To open the Local variants dialog, click a SNP (or an indel) on the Variants track:

This dialog displays all SNPs in the current "neighborhood" as a table. By default, samples are listed horizontally as rows and variants are listed as columns (just as they are on the track). The current variant is highlighted with a yellow background; its location on the track is also highlighted with a light green background. You can click a table cell to select a different variant (you can also click the name of a sample to highlight that sample). The newly selected variant will scroll into the central position in the table, and the map will likewise scroll to this variant (assuming it is off-screen):

Likewise, you can click a different variant on the map to display it in this dialog.

The Navigation row at the top of the dialog shows the absolute position of the current variant and relative positions of its neighbors. Click the pagination buttons at the top of the bar to quickly move to the previous/next variant:

The Reference row rests directly below the Navigation row, and displays the reference sequence allele at the current position.

Note

The Reference row always shows the reference sequence, even if the coloring schema is set to Reference genotype or Two parents.

Display options

Click the Options button to expand the Options panel:

The top row of the Options panel controls the number of variants (i.e. SNPs or indels) that should be shown around the currently selected position. For example, you could opt to display 5 variants to either side, but only if they're no further than 800 bp away:

In this case, the currently selected variant is shown on the left side of the table, since the variants upstream of it are further than 800 bp away.
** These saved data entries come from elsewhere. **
lemma integral_norm_image_partial_expansion:
  fixes E :: "'m \<Rightarrow> 'a::complex_inner_space"
  assumes "finite_measure M" "bounded_clinear_op S" "E \<in> borel_measurable M"
    and bound: "AE z in M. norm (E z) \<le> C"
    and e: "orthonormal e"
    and gram: "\<And>k l. integral\<^sup>L M (\<lambda>z. cinner (e l) (E z) * cnj (cinner (e k) (E z)))
                 = (if k = l then complex_of_real (s k) else 0)"
  shows "integral\<^sup>L M (\<lambda>z. (norm (S (partial_expansion e N (E z))))\<^sup>2)
           = (\<Sum>k<N. s k * (norm (S (e k)))\<^sup>2)"
proof -
  interpret finite_measure M
    by fact
  define c where "c k z = cinner (e k) (E z)" for k z
  have c_measurable: "c k \<in> borel_measurable M" for k
    unfolding c_def
    by (rule measurable_compose [OF assms(3) borel_measurable_continuous_onI [OF continuous_on_cinner_right]])
  have cnj_measurable: "cnj \<in> borel_measurable (borel :: complex measure)"
    by (intro borel_measurable_continuous_onI continuous_intros)
  have c_bound: "AE z in M. norm (c k z) \<le> C" for k
    using bound
    by eventually_elim (metis c_def norm_cinner_le orthonormal_norm [OF e] mult_1 order_trans)
  have integrable: "integrable M (\<lambda>z. c l z * cnj (c k z))" for k l
  proof (rule integrable_const_bound [where B = "C * C"])
    show "AE z in M. norm (c l z * cnj (c k z)) \<le> C * C"
      using c_bound [of k] c_bound [of l]
      by eventually_elim (simp add: norm_mult mult_mono')
    show "(\<lambda>z. c l z * cnj (c k z)) \<in> borel_measurable M"
      by (intro borel_measurable_times measurable_compose [OF c_measurable cnj_measurable] c_measurable)
  qed
  have expand: "complex_of_real ((norm (S (partial_expansion e N (E z))))\<^sup>2)
      = (\<Sum>k<N. \<Sum>l<N. c l z * cnj (c k z) * cinner (S (e k)) (S (e l)))" for z
    using norm_sum_scaleC_sq [of "\<lambda>k. c k z" "\<lambda>k. S (e k)" "{..<N}"] assms(2)
    by (simp add: partial_expansion_def c_def bounded_clinear_op_sum bounded_clinear_op_scaleC
        mult.commute)
  have "complex_of_real (integral\<^sup>L M (\<lambda>z. (norm (S (partial_expansion e N (E z))))\<^sup>2))
      = integral\<^sup>L M (\<lambda>z. \<Sum>k<N. \<Sum>l<N. c l z * cnj (c k z) * cinner (S (e k)) (S (e l)))"
    by (simp only: integral_complex_of_real [symmetric] expand)
  also have "\<dots> = (\<Sum>k<N. \<Sum>l<N. integral\<^sup>L M (\<lambda>z. c l z * cnj (c k z)) * cinner (S (e k)) (S (e l)))"
    using integrable by (simp add: integral_sum integrable_sum)
  also have "\<dots> = (\<Sum>k<N. complex_of_real (s k) * cinner (S (e k)) (S (e k)))"
    by (simp add: gram [folded c_def] if_distrib [of "\<lambda>a. a * _"] sum.delta cong: if_cong)
  also have "\<dots> = complex_of_real (\<Sum>k<N. s k * (norm (S (e k)))\<^sup>2)"
    by (simp add: cinner_norm)
  finally show ?thesis
    by (simp only: of_real_eq_iff)
qed

lemma integral_norm_image_partial_expansion_tendsto:
  fixes E :: "'m \<Rightarrow> 'a::{complex_inner_space, complete_space}"
  assumes "finite_measure M" "bounded_clinear_op S" "E \<in> borel_measurable M"
    and bound: "AE z in M. norm (E z) \<le> C"
    and e: "orthonormal e" "closure (cspan (range e)) = UNIV"
  shows "(\<lambda>N. integral\<^sup>L M (\<lambda>z. (norm (S (partial_expansion e N (E z))))\<^sup>2))
           \<longlonglongrightarrow> integral\<^sup>L M (\<lambda>z. (norm (S (E z)))\<^sup>2)"
proof -
  interpret finite_measure M
    by fact
  obtain K where K: "K \<ge> 0" "\<And>x. norm (S x) \<le> norm x * K"
    using bounded_clinear_op_nonneg_bound [OF assms(2)] by blast
  have SP: "bounded_clinear_op (S \<circ> partial_expansion e N)" for N
    by (intro bounded_clinear_op_comp bounded_clinear_op_partial_expansion assms(2) e(1))
  have [measurable]: "(\<lambda>z. S (E z)) \<in> borel_measurable M"
    by (rule borel_measurable_bounded_clinear_op_comp [OF assms(2,3)])
  have [measurable]: "(\<lambda>z. S (partial_expansion e N (E z))) \<in> borel_measurable M" for N
    using borel_measurable_bounded_clinear_op_comp [OF SP assms(3)] by (simp add: o_def)
  show ?thesis
  proof (rule integral_dominated_convergence [where w = "\<lambda>_. (C * K)\<^sup>2"])
    show "(\<lambda>z. (norm (S (E z)))\<^sup>2) \<in> borel_measurable M"
      by measurable
    show "(\<lambda>z. (norm (S (partial_expansion e N (E z))))\<^sup>2) \<in> borel_measurable M" for N
      by measurable
    show "integrable M (\<lambda>_. (C * K)\<^sup>2)"
      by (rule integrable_const)
    show "AE z in M. (\<lambda>N. (norm (S (partial_expansion e N (E z))))\<^sup>2) \<longlonglongrightarrow> (norm (S (E z)))\<^sup>2"
    proof (rule AE_I2)
      fix z
      have "isCont S (E z)"
        using bounded_clinear_op_continuous_on [OF assms(2)] continuous_on_eq_continuous_at by blast
      then show "(\<lambda>N. (norm (S (partial_expansion e N (E z))))\<^sup>2) \<longlonglongrightarrow> (norm (S (E z)))\<^sup>2"
        by (intro tendsto_intros isCont_tendsto_compose [OF _ partial_expansion_tendsto [OF e]])
    qed
    show "AE z in M. norm ((norm (S (partial_expansion e N (E z))))\<^sup>2) \<le> (C * K)\<^sup>2" for N
      using bound
    proof eventually_elim
      case (elim z)
      have "norm (S (partial_expansion e N (E z))) \<le> norm (partial_expansion e N (E z)) * K"
        by (rule K(2))
      also have "\<dots> \<le> C * K"
        using order_trans [OF norm_partial_expansion_le [OF e(1)] elim] K(1) by (rule mult_right_mono)
      finally show ?case
        by (simp add: power_mono)
    qed
  qed
qed

lemma integral_coefficients_eigenbasis:
  assumes R: "\<forall>x y. cinner (R x) y = integral\<^sup>L M (\<lambda>z. cinner x (E z) * cnj (cinner y (E z)))"
    and e: "orthonormal e" "\<And>k. R (e k) = scaleC (complex_of_real (s k)) (e k)"
  shows "integral\<^sup>L M (\<lambda>z. cinner (e l) (E z) * cnj (cinner (e k) (E z)))
           = (if k = l then complex_of_real (s k) else 0)"
proof -
  have "integral\<^sup>L M (\<lambda>z. cinner (e l) (E z) * cnj (cinner (e k) (E z))) = cinner (R (e l)) (e k)"
    using R by simp
  also have "\<dots> = complex_of_real (s l) * cinner (e l) (e k)"
    by (simp add: e(2) cinner_scaleC_left)
  also have "\<dots> = (if k = l then complex_of_real (s k) else 0)"
    using e(1) unfolding orthonormal_def by (cases "k = l") simp_all
  finally show ?thesis .
qed

lemma weighted_norm_image_sums:
  fixes E :: "'m \<Rightarrow> 'a::{complex_inner_space, complete_space}"
  assumes "finite_measure M" "bounded_clinear_op S" "E \<in> borel_measurable M"
    and "AE z in M. norm (E z) \<le> C"
    and "orthonormal e" "closure (cspan (range e)) = UNIV"
    and "\<And>k l. integral\<^sup>L M (\<lambda>z. cinner (e l) (E z) * cnj (cinner (e k) (E z)))
                 = (if k = l then complex_of_real (s k) else 0)"
  shows "(\<lambda>k. s k * (norm (S (e k)))\<^sup>2) sums integral\<^sup>L M (\<lambda>z. (norm (S (E z)))\<^sup>2)"
  using integral_norm_image_partial_expansion_tendsto [OF assms(1-6)]
  unfolding sums_def integral_norm_image_partial_expansion [OF assms(1-5,7)] .

section \<open>The circle\<close>

lemma measurable_cis_uniform_measure: "cis \<in> measurable (uniform_measure lborel {0..2*pi}) borel"
proof -
  have "cis \<in> borel_measurable borel"
    by (intro borel_measurable_continuous_onI continuous_intros)
  then show ?thesis
    by (simp add: measurable_cong_sets [OF sets_uniform_measure refl])
qed

lemma prob_space_circle_measure: "prob_space circle_measure"
  unfolding circle_measure_def
  by (intro prob_space.prob_space_distr prob_space_uniform_measure measurable_cis_uniform_measure) auto

lemma AE_circle_measure_sphere: "AE z in circle_measure. z \<in> sphere 0 1"
  unfolding circle_measure_def
  by (subst AE_distr_iff) (auto simp: measurable_cis_uniform_measure)

lemma integral_norm_funpow_eigenvector_field:
  assumes T: "bounded_clinear_op T" and E: "E \<in> borel_measurable circle_measure"
    and eigen: "\<forall>z\<in>sphere 0 1. T (E z) = scaleC z (E z)"
  shows "integral\<^sup>L circle_measure (\<lambda>z. (norm ((T ^^ n) (E z)))\<^sup>2)
           = integral\<^sup>L circle_measure (\<lambda>z. (norm (E z))\<^sup>2)"
proof (rule integral_cong_AE)
  have [measurable]: "(\<lambda>z. (T ^^ n) (E z)) \<in> borel_measurable circle_measure"
    by (rule borel_measurable_bounded_clinear_op_comp [OF bounded_clinear_op_funpow [OF T] E])
  show "(\<lambda>z. (norm ((T ^^ n) (E z)))\<^sup>2) \<in> borel_measurable circle_measure"
    by measurable
  show "(\<lambda>z. (norm (E z))\<^sup>2) \<in> borel_measurable circle_measure"
    using E by measurable
  show "AE z in circle_measure. (norm ((T ^^ n) (E z)))\<^sup>2 = (norm (E z))\<^sup>2"
    using AE_circle_measure_sphere
    by eventually_elim (simp add: eigen T norm_funpow_unimodular_eigenvector)
qed

theorem lemma5p11:
  fixes T :: "'a::{complex_inner_space, complete_space} \<Rightarrow> 'a"
    and E :: "complex \<Rightarrow> 'a"
    and R :: "'a \<Rightarrow> 'a"
    and e :: "nat \<Rightarrow> 'a"
    and \<sigma> :: "nat \<Rightarrow> real"
  assumes T_bounded: "bounded_clinear_op T"
    and E_meas: "E \<in> borel_measurable circle_measure"
    and E_bounded: "\<exists>C. \<forall>z\<in>sphere 0 1. norm (E z) \<le> C"
    and E_eigen: "\<forall>z\<in>sphere 0 1. T (E z) = scaleC z (E z)"
    and E_spanning: "\<forall>A\<in>sets circle_measure. A \<subseteq> sphere 0 1 \<longrightarrow>
                        measure circle_measure A = 1 \<longrightarrow> closure (cspan (E ` A)) = UNIV"
    and R_def: "\<forall>x y. cinner (R x) y =
                  integral\<^sup>L circle_measure (\<lambda>z. cinner x (E z) * cnj (cinner y (E z)))"
    and e_orthonormal: "\<forall>i j. cinner (e i) (e j) = (if i = j then 1 else 0)"
    and e_complete: "closure (cspan (range e)) = UNIV"
    and e_eigen: "\<forall>k. R (e k) = scaleC (complex_of_real (2 * (\<sigma> k)\<^sup>2)) (e k)"
    and n_pos: "n \<ge> (1::nat)"
  shows "summable (\<lambda>k. (\<sigma> k)\<^sup>2 * (norm ((T ^^ n) (e k)))\<^sup>2) \<and>
         (\<Sum>k. (\<sigma> k)\<^sup>2 * (norm ((T ^^ n) (e k)))\<^sup>2)
           \<le> integral\<^sup>L circle_measure (\<lambda>z. (norm (E z))\<^sup>2) / 2"
proof -
  obtain C where C: "\<forall>z\<in>sphere 0 1. norm (E z) \<le> C"
    using E_bounded by blast
  have bound: "AE z in circle_measure. norm (E z) \<le> C"
    using C by (intro AE_mp [OF AE_circle_measure_sphere AE_I2]) blast
  have e: "orthonormal e"
    using e_orthonormal unfolding orthonormal_def .
  have "(\<lambda>k. 2 * (\<sigma> k)\<^sup>2 * (norm ((T ^^ n) (e k)))\<^sup>2)
      sums integral\<^sup>L circle_measure (\<lambda>z. (norm ((T ^^ n) (E z)))\<^sup>2)"
    by (rule weighted_norm_image_sums [OF prob_space.finite_measure [OF prob_space_circle_measure]
          bounded_clinear_op_funpow [OF T_bounded] E_meas bound e e_complete
          integral_coefficients_eigenbasis [OF R_def e e_eigen [rule_format]]])
  also have "integral\<^sup>L circle_measure (\<lambda>z. (norm ((T ^^ n) (E z)))\<^sup>2)
      = integral\<^sup>L circle_measure (\<lambda>z. (norm (E z))\<^sup>2)"
    by (rule integral_norm_funpow_eigenvector_field [OF T_bounded E_meas E_eigen])
  finally have "(\<lambda>k. 2 * (\<sigma> k)\<^sup>2 * (norm ((T ^^ n) (e k)))\<^sup>2 / 2)
      sums (integral\<^sup>L circle_measure (\<lambda>z. (norm (E z))\<^sup>2) / 2)"
    by (rule sums_divide)
  then show ?thesis
    by (simp add: sums_iff)
qed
The rest of the options in this panel are organized into several logical groups, as described below.

Options group: Show

  • Reference row: shows or hides the Reference row in the table header.
  • Navigation row: shows or hides the Navigation row in the table header.
  • Relative position: displays variant positions as offsets relative to the position of the currently selected variant. This is the default; uncheck this checkbox to display absolute coordinates for every variant.
  • Headers vertically: displays variant positions vertically. This can be useful when displaying absolute coordinates, to prevent them from overlapping:

Options group: Samples as / Tooltip

  • Samples as Rows/Columns: rotates the entire table 90 degrees, to display the variants vertically:

    This can be useful if the map is displayed vertically in the main view.
  • Group alleles: changes the way alleles are shown in the mouseover tooltip. If this option is checked, heterozygous indels are grouped by their reference; otherwise, they are all shown inline:
           
    You can use this option to reduce clutter when examining polyploid variants.

Options group: Highlight

These options control highlighting of specific kinds of variants. Click the color swatch next to each option to set your preferred highlight color. For example, you could choose to highlight indels in orange, and heterozygous variants in green; note that these highlight colors will overlap for indels that are also heterozygous:

Options group: Variants view

These options control the way variants are printed in the table.
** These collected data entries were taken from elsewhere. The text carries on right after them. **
(* Let $W$ be a $DNNF$-compilation of a weighted base, i.e. $W=\{\langle\alpha,+\infty\rangle\}\cup\{\langle{\it holds}_i,k_i\rangle \mid i\in I\}$ where the $k_i$ are finite positive weights, and suppose the single hard constraint $\alpha$ is a smooth $DNNF$ sentence. Define $k$ and $min$ on the nodes of $\alpha$ inductively: $k(true)=0$, $k(false)=+\infty$; for a literal $\ell$, $k(\ell)=k_i$ if $\ell=\neg{\it holds}_i$ with $\langle{\it holds}_i,k_i\rangle\in W$, and $k(\ell)=0$ otherwise; $k(\bigvee_j\alpha_j)=\min_j k(\alpha_j)$; $k(\bigwedge_j\alpha_j)=\sum_j k(\alpha_j)$. Further $min(\beta)=\beta$ for a literal or constant $\beta$; $min(\beta=\bigvee_j\beta_j)=\bigvee_{j:\,k(\beta_j)=k(\beta)} min(\beta_j)$; $min(\bigwedge_j\beta_j)=\bigwedge_j min(\beta_j)$. Then $min(\alpha)$ is a smooth $DNNF$ sentence and is a minimization of $W$, i.e. its models are exactly $min_W(\Omega)$.
   Context: Worlds are $\omega\in\Omega=2^{PS}$ for a finite symbol set $PS$. For a weighted base $W$ (finite set of pairs $\langle\phi,k\rangle$, $k$ a positive integer or $+\infty$), $K_W(\omega)=\sum_{\langle\phi_i,k_i\rangle\in W,\ \omega\models\neg\phi_i}k_i$ and $min_W(\Omega)=\{\omega\in\Omega \mid K_W(\omega)\le K_W(\omega')\ \forall\omega'\in\Omega\}$. A minimization of $W$ is a formula whose set of models is $min_W(\Omega)$. A $DNNF$ sentence is a rooted DAG whose leaves are labeled $true$, $false$, $x$ or $\neg x$ ($x\in PS$), whose internal nodes are labeled $\wedge$ or $\vee$ with arbitrarily many children, and such that the children of every $\wedge$-node mention pairwise disjoint sets of variables (decomposability). It is smooth if for each $\vee$-node all children mention the same set of variables. A $DNNF$-compilation of a weighted base is obtained by taking its normal form (each soft formula $\langle\phi_i,k_i\rangle$ replaced by hard $\langle{\it holds}_i\Rightarrow\phi_i,+\infty\rangle$ and soft $\langle{\it holds}_i,k_i\rangle$ with fresh ${\it holds}_i$), conjoining all hard constraints into one, and replacing it by an equivalent $DNNF$ sentence, keeping the soft constraints $\langle{\it holds}_i,k_i\rangle$.
   Formalization: The hard constraint alpha is also assumed satisfiable and to mention every symbol $holds_i$ with $i \in I$. The statement above fails without it. *)

theory Defs
  imports Main "HOL-Library.Extended_Nat"
begin

datatype 'v nnf = TT | FF | Pos 'v | Neg 'v | Or "'v nnf list" | And "'v nnf list"

fun sat :: "('v \<Rightarrow> bool) \<Rightarrow> 'v nnf \<Rightarrow> bool" where
  "sat w TT = True"
| "sat w FF = False"
| "sat w (Pos x) = w x"
| "sat w (Neg x) = (\<not> w x)"
| "sat w (Or xs) = (\<exists>b\<in>set xs. sat w b)"
| "sat w (And xs) = (\<forall>b\<in>set xs. sat w b)"

fun vars :: "'v nnf \<Rightarrow> 'v set" where
  "vars TT = {}"
| "vars FF = {}"
| "vars (Pos x) = {x}"
| "vars (Neg x) = {x}"
| "vars (Or xs) = (\<Union>b\<in>set xs. vars b)"
| "vars (And xs) = (\<Union>b\<in>set xs. vars b)"

fun decomposable :: "'v nnf \<Rightarrow> bool" where
  "decomposable (Or xs) = (\<forall>b\<in>set xs. decomposable b)"
| "decomposable (And xs) = ((\<forall>b\<in>set xs. decomposable b) \<and>
     (\<forall>i j. i < length xs \<longrightarrow> j < length xs \<longrightarrow> i \<noteq> j \<longrightarrow> vars (xs!i) \<inter> vars (xs!j) = {}))"
| "decomposable _ = True"

fun smooth :: "'v nnf \<Rightarrow> bool" where
  "smooth (Or xs) = ((\<forall>b\<in>set xs. smooth b) \<and> (\<forall>a\<in>set xs. \<forall>b\<in>set xs. vars a = vars b))"
| "smooth (And xs) = (\<forall>b\<in>set xs. smooth b)"
| "smooth _ = True"

(* Soft constraints <holds_i, k_i>, i in I, with holds_i = h i a variable.
   kval = the node function k of the paper (values in enat, \<infinity> = +infinity). *)
fun kval :: "'i set \<Rightarrow> ('i \<Rightarrow> 'v) \<Rightarrow> ('i \<Rightarrow> nat) \<Rightarrow> 'v nnf \<Rightarrow> enat" where
  "kval I h k TT = 0"
| "kval I h k FF = \<infinity>"
| "kval I h k (Pos x) = 0"
| "kval I h k (Neg x) = (if x \<in> h ` I then enat (k (the_inv_into I h x)) else 0)"
| "kval I h k (Or xs) = Min (insert \<infinity> (set (map (kval I h k) xs)))"
| "kval I h k (And xs) = sum_list (map (kval I h k) xs)"

function minf :: "'i set \<Rightarrow> ('i \<Rightarrow> 'v) \<Rightarrow> ('i \<Rightarrow> nat) \<Rightarrow> 'v nnf \<Rightarrow> 'v nnf" where
  "minf I h k TT = TT"
| "minf I h k FF = FF"
| "minf I h k (Pos x) = Pos x"
| "minf I h k (Neg x) = Neg x"
| "minf I h k (Or xs) =
     Or (map (minf I h k) (filter (\<lambda>b. kval I h k b = kval I h k (Or xs)) xs))"
| "minf I h k (And xs) = And (map (minf I h k) xs)"
  by pat_completeness auto
termination
  by (relation "measure (\<lambda>(_,_,_,b). size b)")
     (auto simp: size_list_estimation' less_Suc_eq_le)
  • IUPAC: By default, variants are printed using IUPAC codes. For example, a diploid heterozygous SNP whose alleles are C and T will be printed as "y".
  • Standard: displays every allele in detail (similarly to how it's listed in the VCF file). 
    • Show reference for every variant: If this option is checked, then every variant is prefixed by the reference allele. This is especially useful when viewing indels. For example, you could tell at a glance which nucleotides were deleted for this variant:
    • Show alleles vertically: Uncheck this option to print alleles on the same line, separated by a slash, similarly to how they are listed in the VCF file:
    • Auto collapse alleles: Check this option to show only the distinct alleles for heterozygous SNPs/indels; by default, every allele is shown.
             
      This option is useful for reducing clutter when viewing polyploid variants.
    • Show first allele at the bottom: Reverses the order in which alleles are displayed in the table.